Take Blervie House, a 40-minute drive from Inverness, that basks in a sunny microclimate near the Moray Firth. It's a substantial property set in an estate spreading over 250 acres: there are plenty of very long walks you can do from the door. If you'd prefer to ride this can be arranged too: Blervie House has its own stabling, so your horses can also stay B&B and head out for rides 25 miles long, and in all that distance only cross one road.

Jump in your car and your choices expand. There are river walks, beach walks, mountain hikes and more. Established trails in the area include the Dava Way, the Speyside Way and the Moray Coastal Trail. In June there is also the Moray Outdoor Walking Festival, a 12-day walking junket that offers phenomenal hikes.

Drop down to Wales and The Old Vicarage is a mile from Offa's Dyke, the well-trodden trail that marks the traditional border between England and Wales. This is always busy. The nearby Mortimer Trail, heading back into England to Ludlow, is quieter. But you can avoid the crowds completely: there are countless walks from the door here that head off across the hills along the Radnorshire/Herefordshire border where you'll never pass a soul. Your hosts here have devised a range of their favourite walks, allowing you to set out for as little as one hour or as many as three. With a choice of B&B or self-catering accommodation available at The Old Vicarage, this is a perfect base from which to explore this beautifully rural part of Wales.

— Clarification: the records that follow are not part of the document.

lemma cmi_step_bound:
  "cmi P b (msgs W L 1 (k - 1)) (download k) (side_info k) + real L * (1 - r k)
     - cent P b (W L k) (\<lambda>\<omega>. (cache W r M L \<omega>, download k \<omega>))
   \<le> real N * cmi P b (msgs W L 1 k) (download (k + 1)) (side_info (k + 1))"
proof -
  let ?X = "msgs W L 1 k" and ?Z = "side_info (k + 1)"
  have "cmi P b ?X (download k) ?Z \<le> (\<Sum>n\<in>{1..N}. cmi P b ?X (\<lambda>\<omega>. (query k n \<omega>, answer k n \<omega>)) ?Z)"
    by (rule cmi_download_le_sum)
  also have "\<dots> = (\<Sum>n\<in>{1..N}. cmi P b ?X (\<lambda>\<omega>. (query (k + 1) n \<omega>, answer (k + 1) n \<omega>)) ?Z)"
    by (intro sum.cong refl cmi_answer_privacy[symmetric])
  also have "\<dots> \<le> (\<Sum>n\<in>{1..N}. cmi P b ?X (download (k + 1)) ?Z)"
    by (intro sum_mono cmi_answer_le_download)
  also have "\<dots> = real N * cmi P b ?X (download (k + 1)) ?Z"
    by simp
  finally have download: "cmi P b ?X (download k) ?Z \<le> real N * cmi P b ?X (download (k + 1)) ?Z" .
  have "cent P b (W L k) (\<lambda>\<omega>. (download k \<omega>, ?Z \<omega>))
      \<le> cent P b (W L k) (\<lambda>\<omega>. (cache W r M L \<omega>, download k \<omega>))"
    by (rule cent_mono[where f="\<lambda>(y, c, _). (c, y)"]) simp_all
  then have message: "real L - real (nat \<lfloor>real L * r k\<rfloor>)
      - cent P b (W L k) (\<lambda>\<omega>. (cache W r M L \<omega>, download k \<omega>)) \<le> cmi P b (W L k) (download k) ?Z"
    using cent_message_ge by (simp add: cmi_eq_cent)
  have "real (nat \<lfloor>real L * r k\<rfloor>) \<le> real L * r k"
    using r_k_nonneg by simp
  then show ?thesis
    using download message cmi_download_chain by (simp add: algebra_simps)
qed
lemma tolerance_ge: "0 < b \<Longrightarrow> b \<le> tolerance b t"
proof (induction b t rule: tolerance.induct)
  case (1 b t)
  then show ?case
    by (subst tolerance.simps) (auto intro: order_trans[of b "2 * b"])
qed

lemma tolerance_mono: "0 < b \<Longrightarrow> t \<le> t' \<Longrightarrow> tolerance b t \<le> tolerance b t'"
proof (induction b t arbitrary: t' rule: tolerance.induct)
  case (1 b t)
  then show ?case
    using tolerance_ge[of b t'] tolerance_ge[of "2 * b" "t' - settle_time b"]
    by (simp add: tolerance.simps[of b t] tolerance.simps[of b t'])
qed

lemma tolerance_ge_power:
  "0 < b \<Longrightarrow> (\<Sum>m<n. settle_time (2 ^ m * b)) \<le> t \<Longrightarrow> 2 ^ n * b \<le> tolerance b t"
proof (induction n arbitrary: b t)
  case 0
  then show ?case
    using tolerance_ge by simp
next
  case (Suc n)
  have "(\<Sum>m<Suc n. settle_time (2 ^ m * b)) = settle_time b + (\<Sum>m<n. settle_time (2 ^ m * (2 * b)))"
    by (subst sum.lessThan_Suc_shift) (simp add: mult.assoc mult.left_commute)
  then have "settle_time b \<le> t" and "(\<Sum>m<n. settle_time (2 ^ m * (2 * b))) \<le> t - settle_time b"
    using Suc.prems by auto
  then show ?case
    using Suc.IH[of "2 * b" "t - settle_time b"] Suc.prems
    by (subst tolerance.simps) (simp add: mult.assoc mult.left_commute)
qed

text \<open>The tolerated input level eventually exceeds any bound, uniformly for targets
  bounded away from zero: only finitely many doublings are needed, and their settling
  times are uniformly bounded.\<close>
lemma eventually_tolerance_ge:
  assumes "0 < b\<^sub>0"
  shows "\<exists>T. \<forall>t\<ge>T. \<forall>b\<ge>b\<^sub>0. e \<le> tolerance b t"
proof -
  define E where "E = max e b\<^sub>0"
  obtain n where "E / b\<^sub>0 < 2 ^ n"
    using real_arch_pow[of 2 "E / b\<^sub>0"] by auto
  then have n: "E \<le> 2 ^ n * b\<^sub>0"
    using assms by (simp add: field_simps)
  have "e \<le> E"
    by (simp add: E_def)
  have "\<forall>\<^sub>F t in sequentially. \<beta> (2 * (2 ^ n * E)) t < b\<^sub>0"
    using class_KL_tendsto_0[OF KL, of "2 * (2 ^ n * E)"] assms
    by (intro order_tendstoD) (auto simp: E_def)
  then obtain T where T: "\<beta> (2 * (2 ^ n * E)) T \<le> b\<^sub>0"
    by (auto simp: eventually_sequentially intro: less_imp_le)
  have "e \<le> tolerance b t" if "n * Suc T \<le> t" and "b\<^sub>0 \<le> b" for t b
  proof (cases "E \<le> b")
    case True
    then show ?thesis
      using tolerance_ge[of b t] assms that by (auto simp: E_def)
  next
    case False
    have "settle_time (2 ^ m * b) \<le> Suc T" if "m < n" for m
    proof (rule settle_time_le_of_bound[OF T assms])
      have "(2::real) ^ m \<le> 2 ^ n"
        using that by (intro power_increasing) auto
      then show "2 ^ m * b \<le> 2 ^ n * E"
        using False assms \<open>b\<^sub>0 \<le> b\<close> by (intro mult_mono) auto
      show "b\<^sub>0 \<le> 2 ^ m * b"
        using assms \<open>b\<^sub>0 \<le> b\<close> mult_mono[of 1 "2 ^ m" b\<^sub>0 b] by simp
    qed
    then have "(\<Sum>m<n. settle_time (2 ^ m * b)) \<le> t"
      using sum_mono[of "{..<n}" "\<lambda>m. settle_time (2 ^ m * b)" "\<lambda>_. Suc T"] that by auto
    then have "2 ^ n * b \<le> tolerance b t"
      using assms that by (intro tolerance_ge_power) auto
    moreover have "2 ^ n * b\<^sub>0 \<le> 2 ^ n * b"
      using that by simp
    ultimately show ?thesis
      using n \<open>e \<le> E\<close> by linarith
  qed
  then show ?thesis
    by blast
qed

lemma le_by_tolerance:
  fixes s e :: "nat \<Rightarrow> real"
  assumes nonneg: "\<And>k. 0 \<le> s k" and "s 0 = 0"
    and restart: "\<And>j k. s (j + k) \<le> max (\<beta> (s j) k) (running_max (\<lambda>i. e (j + i)) k)"
  shows "0 < b \<Longrightarrow> (\<And>i. i < k \<Longrightarrow> e i \<le> tolerance b (k - i - 1)) \<Longrightarrow> s k \<le> b"
proof (induction k arbitrary: b rule: less_induct)
  case (less k)
  show ?case
  proof (cases "k < settle_time b")
    case True
    then have "running_max e k \<le> b"
      using less.prems by (intro running_max_least) (auto simp: tolerance_below_settle_time)
    then show ?thesis
      using restart[of 0 k] \<open>s 0 = 0\<close> less.prems by (simp add: class_KL_zero[OF KL])
  next
    case False
    then obtain j where k: "k = j + settle_time b"
      by (metis add.commute le_add_diff_inverse not_less)
    have "s j \<le> 2 * b"
    proof (rule less.IH)
      show "j < k"
        by (simp add: k settle_time_def)
      show "e i \<le> tolerance (2 * b) (j - i - 1)" if "i < j" for i
        using less.prems(2)[of i] that tolerance_after_settle_time[of b "j - i - 1"]
        by (simp add: k add.commute)
    qed (use less.prems in simp)
    then have "\<beta> (s j) (settle_time b) \<le> b"
      using class_KL_mono[OF KL nonneg] settle_time_spec[OF less.prems(1)] order_trans by blast
    moreover have "running_max (\<lambda>i. e (j + i)) (settle_time b) \<le> b"
    proof (rule running_max_least)
      show "e (j + i) \<le> b" if "i < settle_time b" for i
        using less.prems(2)[of "j + i"] that by (simp add: k tolerance_below_settle_time)
    qed (use less.prems in simp)
    ultimately show ?thesis
      using restart[of j "settle_time b"] by (simp add: k)
  qed
qed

Head south to Pembrokeshire and there are two Wolsey Lodges that are great for Walkers. The Pembrokeshire Coast Path is one of the UK's most stunning walks, covering 186 sinuous miles around a dramatic coastline. This presents as good a reason as any to stop at Fishguard, as used to film 'Under Milkwood'. Under Milwood was not an especially cheerful film though. After a taste of atmospheric rural Wales make the short climb up to The Manor Town House in the Upper Town where you'll find a whole other world. Store your bikes if you have them, rent bikes if you want them, but otherwise just settle back and drink in the spectacular views. 

The Pembrokeshire Coastal Path has recently been voted the 3rd best walking route in the world, so stick with it until you get to Pembroke and then from here it's a level three miles (cutting something of a corner) to reach Elm Grove Country House. Set just by the tiny village of St Florence near Tenby, this is perfect for countless walks in the Pembrokeshire Coast National Park and your hosts here do everything they can to help. They have a large database of walking maps which they can print as required, all rooms have thermos flasks you can take out for your hike, and they'll also advise on pubs and cafes along your chosen route. There's a page on their website that gives further details.

Let's not forget our Wolsey Lodges in Ireland. Temple House in County Sligo has a very relaxed attitude to walking. Most of the time they just release you into the grounds. It's in a thousand acres of rolling parkland, with its own lake, boathouse (with boats you're welcome to use), ruins and woodlands, and they take pride in never yet having lost a guest.

There's a growing interest in walking in Ireland though, and Sligo Walks is a good place to choose some specific expeditions that suit your fitness levels and interests. They also have two local guides who can take guests on specialised walks, focussing either on history or nature. Further details can be found on Temple House's website.

Whether you're in Wales, Eire, or Scotland, Wolsey Lodges has a walk for you. And a place to stay.